Work item. Search the data below for the word "inter" and copy each line that holds it.

Records to process.
--*--

lemma monic_quadratic_factor:
  fixes a b u y1 y2 :: "'a :: comm_ring_1"
  assumes "y1 + y2 = a + b" "y1 * y2 = a * b - u"
  shows "[:- a, 1:] * [:- b, 1:] - [:u:] = [:- y1, 1:] * [:- y2, 1:]"
  using assms by (simp add: algebra_simps)

lemma monic_quadratic_roots:
  fixes a b u :: real
  assumes "0 \<le> (a - b)\<^sup>2 + 4 * u"
  defines "D \<equiv> sqrt ((a - b)\<^sup>2 + 4 * u)"
  shows "[:- a, 1:] * [:- b, 1:] - [:u:] = [:- ((a + b + D) / 2), 1:] * [:- ((a + b - D) / 2), 1:]"
proof (rule monic_quadratic_factor)
  have "D\<^sup>2 = (a - b)\<^sup>2 + 4 * u" using assms by simp
  then show "(a + b + D) / 2 * ((a + b - D) / 2) = a * b - u"
    by (simp add: field_simps power2_eq_square)
qed (simp add: field_simps)

section \<open>Matrices that are constant on classes up to the diagonal\<close>

definition class_card :: "nat \<Rightarrow> (nat \<Rightarrow> nat) \<Rightarrow> nat \<Rightarrow> nat" where
  "class_card n cl c = card {i. i < n \<and> cl i = c}"

definition class_structured_mat ::
    "nat \<Rightarrow> (nat \<Rightarrow> nat) \<Rightarrow> (nat \<Rightarrow> nat \<Rightarrow> 'a :: comm_ring_1) \<Rightarrow> (nat \<Rightarrow> 'a) \<Rightarrow> 'a mat" where
  "class_structured_mat n cl K \<gamma> =
     mat n n (\<lambda>(i,j). K (cl i) (cl j) + (if i = j then \<gamma> (cl i) else 0))"

lemma class_structured_mat_carrier [simp]: "class_structured_mat n cl K \<gamma> \<in> carrier_mat n n"
  by (simp add: class_structured_mat_def)

definition quotient_mat ::
    "nat \<Rightarrow> (nat \<Rightarrow> nat) \<Rightarrow> nat \<Rightarrow> (nat \<Rightarrow> nat \<Rightarrow> 'a :: comm_ring_1) \<Rightarrow> (nat \<Rightarrow> 'a) \<Rightarrow> 'a mat" where
  "quotient_mat n cl p K \<gamma> =
     mat p p (\<lambda>(c,d). K c d * of_nat (class_card n cl d) + (if c = d then \<gamma> c else 0))"

lemma quotient_mat_carrier [simp]: "quotient_mat n cl p K \<gamma> \<in> carrier_mat p p"
  and quotient_mat_dim [simp]: "dim_row (quotient_mat n cl p K \<gamma>) = p" "dim_col (quotient_mat n cl p K \<gamma>) = p"
  by (simp_all add: quotient_mat_def)

locale index_classes =
  fixes n p :: nat and cl :: "nat \<Rightarrow> nat"
  assumes class_less: "i < n \<Longrightarrow> cl i < p"
    and class_nonempty: "c < p \<Longrightarrow> \<exists>i<n. cl i = c"
begin

definition rep :: "nat \<Rightarrow> nat" where
  "rep c = (SOME i. i < n \<and> cl i = c)"

lemma rep: "c < p \<Longrightarrow> rep c < n \<and> cl (rep c) = c"
  unfolding rep_def using someI_ex[OF class_nonempty] by blast

lemma inj_on_rep: "inj_on rep {..<p}"
  by (rule inj_onI) (metis lessThan_iff rep)

lemma card_nonreps: "card ({..<n} - rep ` {..<p}) = n - p" and le_n: "p \<le> n"
proof -
  have sub: "rep ` {..<p} \<subseteq> {..<n}" using rep by auto
  have card_reps: "card (rep ` {..<p}) = p" using card_image[OF inj_on_rep] by simp
  show "p \<le> n" using card_mono[OF finite_lessThan sub] card_reps by simp
  show "card ({..<n} - rep ` {..<p}) = n - p"
    using card_Diff_subset[OF finite_imageI[OF finite_lessThan] sub] card_reps by simp
qed

definition nonrep :: "nat \<Rightarrow> nat" where
  "nonrep = (SOME g. bij_betw g {..<n - p} ({..<n} - rep ` {..<p}))"

lemma bij_betw_nonrep: "bij_betw nonrep {..<n - p} ({..<n} - rep ` {..<p})"
proof -
  have "\<exists>g. bij_betw g {..<n - p} ({..<n} - rep ` {..<p})"
    by (rule finite_same_card_bij) (simp_all add: card_nonreps)
  then show ?thesis unfolding nonrep_def by (rule someI_ex)
qed

lemma nonrep_less: "t < n - p \<Longrightarrow> nonrep t < n"
  and rep_neq_nonrep: "t < n - p \<Longrightarrow> c < p \<Longrightarrow> rep c \<noteq> nonrep t"
proof -
  assume "t < n - p"
  then have "nonrep t \<in> {..<n} - rep ` {..<p}" using bij_betwE[OF bij_betw_nonrep] by blast
  then show "nonrep t < n" "c < p \<Longrightarrow> rep c \<noteq> nonrep t"
    by (simp, metis DiffD2 imageI lessThan_iff)
qed

lemma nonrep_eq_iff: "t < n - p \<Longrightarrow> t' < n - p \<Longrightarrow> nonrep t = nonrep t' \<longleftrightarrow> t = t'"
  using bij_betw_imp_inj_on[OF bij_betw_nonrep] by (auto simp: inj_on_def)

lemma prod_nonrep_classes:
  "(\<Prod>t<n - p. f (cl (nonrep t))) = (\<Prod>c<p. f c ^ (class_card n cl c - 1))"
proof -
  have "(\<Prod>t<n - p. f (cl (nonrep t))) = (\<Prod>i\<in>{..<n} - rep ` {..<p}. f (cl i))"
    using prod.reindex_bij_betw[OF bij_betw_nonrep] by simp
  also have "\<dots> = (\<Prod>c<p. \<Prod>i\<in>{i \<in> {..<n} - rep ` {..<p}. cl i = c}. f (cl i))"
    by (rule prod.group[symmetric]) (use class_less in auto)
  also have "\<dots> = (\<Prod>c<p. f c ^ (class_card n cl c - 1))"
  proof (rule prod.cong[OF refl])
    fix c assume c: "c \<in> {..<p}"
    then have "{i \<in> {..<n} - rep ` {..<p}. cl i = c} = {i. i < n \<and> cl i = c} - {rep c}"
      using rep by auto
    with c rep show "(\<Prod>i\<in>{i \<in> {..<n} - rep ` {..<p}. cl i = c}. f (cl i)) = f c ^ (class_card n cl c - 1)"
      by (simp add: class_card_def card_Diff_singleton)
  qed
  finally show ?thesis .
qed

definition class_basis :: "'a :: field mat" where
  "class_basis = mat n n (\<lambda>(i,t).
     if t < n - p then of_bool (i = nonrep t) else of_bool (cl i = t - (n - p)))"

definition class_basis_inv :: "'a :: field mat" where
  "class_basis_inv = mat n n (\<lambda>(t,i).
     if t < n - p then of_bool (i = nonrep t) - of_bool (i = rep (cl (nonrep t)))
     else of_bool (i = rep (t - (n - p))))"

lemma class_basis_carrier [simp]: "class_basis \<in> carrier_mat n n"
  and class_basis_inv_carrier [simp]: "class_basis_inv \<in> carrier_mat n n"
  and class_basis_dim [simp]: "dim_row class_basis = n" "dim_col class_basis = n"
  and class_basis_inv_dim [simp]: "dim_row class_basis_inv = n" "dim_col class_basis_inv = n"
  by (simp_all add: class_basis_def class_basis_inv_def)

lemma class_basis_inv_mult_index:
  assumes "M \<in> carrier_mat n n" "t < n" "j < n"
  shows "(class_basis_inv * M) $$ (t,j) = (if t < n - p
    then M $$ (nonrep t, j) - M $$ (rep (cl (nonrep t)), j) else M $$ (rep (t - (n - p)), j))"
proof -
  have "(class_basis_inv * M) $$ (t,j) = (\<Sum>i<n. class_basis_inv $$ (t,i) * M $$ (i,j))"
    using assms by (intro index_mult_mat_sum) auto
  also have "\<dots> = (if t < n - p
      then M $$ (nonrep t, j) - M $$ (rep (cl (nonrep t)), j) else M $$ (rep (t - (n - p)), j))"
  proof (cases "t < n - p")
    case True
    then have "rep (cl (nonrep t)) < n" using nonrep_less rep class_less by blast
    with True assms nonrep_less[OF True] show ?thesis
      by (simp add: class_basis_inv_def of_bool_def if_distrib[of "\<lambda>x. x * _"] sum.If_cases
          left_diff_distrib sum_subtractf Int_absorb1)
  next
    case False
    then have "rep (t - (n - p)) < n" using assms le_n rep by simp
    with False assms show ?thesis
      by (simp add: class_basis_inv_def of_bool_def if_distrib[of "\<lambda>x. x * _"] sum.If_cases
          Int_absorb1)
  qed
  finally show ?thesis .
qed

lemma mult_class_basis_index:
  assumes "M \<in> carrier_mat n n" "i < n" "t < n"
  shows "(M * class_basis) $$ (i,t) = (if t < n - p then M $$ (i, nonrep t)
    else (\<Sum>j | j < n \<and> cl j = t - (n - p). M $$ (i,j)))"
proof -
  have "(M * class_basis) $$ (i,t) = (\<Sum>j<n. M $$ (i,j) * class_basis $$ (j,t))"
    using assms by (intro index_mult_mat_sum) auto
  also have "\<dots> = (\<Sum>j<n. M $$ (i,j) *
      (if t < n - p then of_bool (j = nonrep t) else of_bool (cl j = t - (n - p))))"
    using assms by (intro sum.cong) (auto simp: class_basis_def)
  also have "\<dots> = (if t < n - p then M $$ (i, nonrep t)
      else (\<Sum>j | j < n \<and> cl j = t - (n - p). M $$ (i,j)))"
  proof (cases "t < n - p")
    case True
    then have "{..<n} \<inter> {j. j = nonrep t} = {nonrep t}" using nonrep_less by auto
    with True show ?thesis by simp
  next
    case False
    have "{..<n} \<inter> {j. cl j = t - (n - p)} = {j. j < n \<and> cl j = t - (n - p)}" by auto
    with False show ?thesis by simp
  qed
  finally show ?thesis .
qed

lemma class_structured_mult_class_basis_index:
  assumes "i < n" "t < n"
  shows "(class_structured_mat n cl K \<gamma> * class_basis) $$ (i,t) =
    (if t < n - p then K (cl i) (cl (nonrep t)) + of_bool (i = nonrep t) * \<gamma> (cl i)
     else quotient_mat n cl p K \<gamma> $$ (cl i, t - (n - p)))"
proof -
  have col: "(class_structured_mat n cl K \<gamma> * class_basis) $$ (i,t) =
    (if t < n - p then class_structured_mat n cl K \<gamma> $$ (i, nonrep t)
     else (\<Sum>j | j < n \<and> cl j = t - (n - p). class_structured_mat n cl K \<gamma> $$ (i,j)))"
    using assms by (intro mult_class_basis_index) auto
  show ?thesis
  proof (cases "t < n - p")
    case True
    with assms nonrep_less show ?thesis
      unfolding col by (auto simp: class_structured_mat_def)
  next
    case False
    define c where "c = t - (n - p)"
    have c: "c < p" using assms False le_n by (simp add: c_def)
    have "(\<Sum>j | j < n \<and> cl j = c. class_structured_mat n cl K \<gamma> $$ (i,j))
        = (\<Sum>j | j < n \<and> cl j = c. K (cl i) c + (if j = i then \<gamma> (cl i) else 0))"
      using assms by (intro sum.cong) (auto simp: class_structured_mat_def)
    also have "\<dots> = K (cl i) c * of_nat (class_card n cl c) + (if cl i = c then \<gamma> (cl i) else 0)"
      using assms by (simp add: sum.distrib class_card_def)
    also have "\<dots> = quotient_mat n cl p K \<gamma> $$ (cl i, c)"
      using assms c class_less by (simp add: quotient_mat_def)
    finally show ?thesis
      using False unfolding col c_def by simp
  qed
qed

lemma class_basis_conjugate_class_structured_mat:
  "class_basis_inv * (class_structured_mat n cl K \<gamma> * class_basis) =
     four_block_mat (mat_diag (n - p) (\<lambda>t. \<gamma> (cl (nonrep t)))) (0\<^sub>m (n - p) p)
       (mat p (n - p) (\<lambda>(c,t). K c (cl (nonrep t)))) (quotient_mat n cl p K \<gamma>)"
    (is "?L = ?T")
proof (rule eq_matI)
  fix t j assume "t < dim_row ?T" "j < dim_col ?T"
  then have tj: "t < n" "j < n" using le_n by (auto simp: mat_diag_def)
  have AP: "class_structured_mat n cl K \<gamma> * class_basis \<in> carrier_mat n n"
    by (rule mult_carrier_mat) auto
  show "?L $$ (t,j) = ?T $$ (t,j)"
  proof (cases "t < n - p")
    case True
    then show ?thesis
      using AP tj le_n nonrep_less[OF True] class_less[OF nonrep_less[OF True]] rep nonrep_less
      by (auto simp: class_basis_inv_mult_index class_structured_mult_class_basis_index mat_diag_def
          rep_neq_nonrep nonrep_eq_iff simp del: index_mult_mat)
  next
    case False
    define c where "c = t - (n - p)"
    have c: "c < p" using False tj le_n by (simp add: c_def)
    with AP False tj le_n rep[OF c] show ?thesis
      by (auto simp: class_basis_inv_mult_index class_structured_mult_class_basis_index mat_diag_def
          quotient_mat_def rep_neq_nonrep simp del: index_mult_mat simp flip: c_def)
  qed
qed (use le_n in \<open>auto simp: mat_diag_def\<close>)

text \<open>The identity matrix is class-structured (\<open>K = 0\<close>, \<open>\<gamma> = 1\<close>), so the conjugation formula
  above also shows that \<open>class_basis_inv\<close> inverts \<open>class_basis\<close>.\<close>

lemma class_basis_inv_mult_class_basis: "(class_basis_inv :: 'a :: field mat) * class_basis = 1\<^sub>m n"
proof -
  have "class_structured_mat n cl (\<lambda>_ _. 0) (\<lambda>_. 1) = (1\<^sub>m n :: 'a mat)"
    by (auto simp: class_structured_mat_def)
  then have "(class_basis_inv :: 'a mat) * class_basis =
      class_basis_inv * (class_structured_mat n cl (\<lambda>_ _. 0) (\<lambda>_. 1) * class_basis)"
    by (simp add: left_mult_one_mat)
  also have "\<dots> = four_block_mat (1\<^sub>m (n - p)) (0\<^sub>m (n - p) p)
      (mat p (n - p) (\<lambda>(c,t). 0)) (quotient_mat n cl p (\<lambda>_ _. 0) (\<lambda>_. 1))"
    by (simp add: class_basis_conjugate_class_structured_mat)
  also have "mat p (n - p) (\<lambda>(c,t). 0) = 0\<^sub>m p (n - p)"
    by (intro eq_matI) auto
  also have "quotient_mat n cl p (\<lambda>_ _. 0) (\<lambda>_. 1) = 1\<^sub>m p"
    by (simp add: quotient_mat_def one_mat_def)
  also have "four_block_mat (1\<^sub>m (n - p)) (0\<^sub>m (n - p) p) (0\<^sub>m p (n - p)) (1\<^sub>m p) =
      (1\<^sub>m n :: 'a mat)"
    using le_n by simp
  finally show ?thesis .
qed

--*--

Final answer.
    then have "{..<n} \<inter> {j. j = nonrep t} = {nonrep t}" using nonrep_less by auto
    have "{..<n} \<inter> {j. cl j = t - (n - p)} = {j. j < n \<and> cl j = t - (n - p)}" by auto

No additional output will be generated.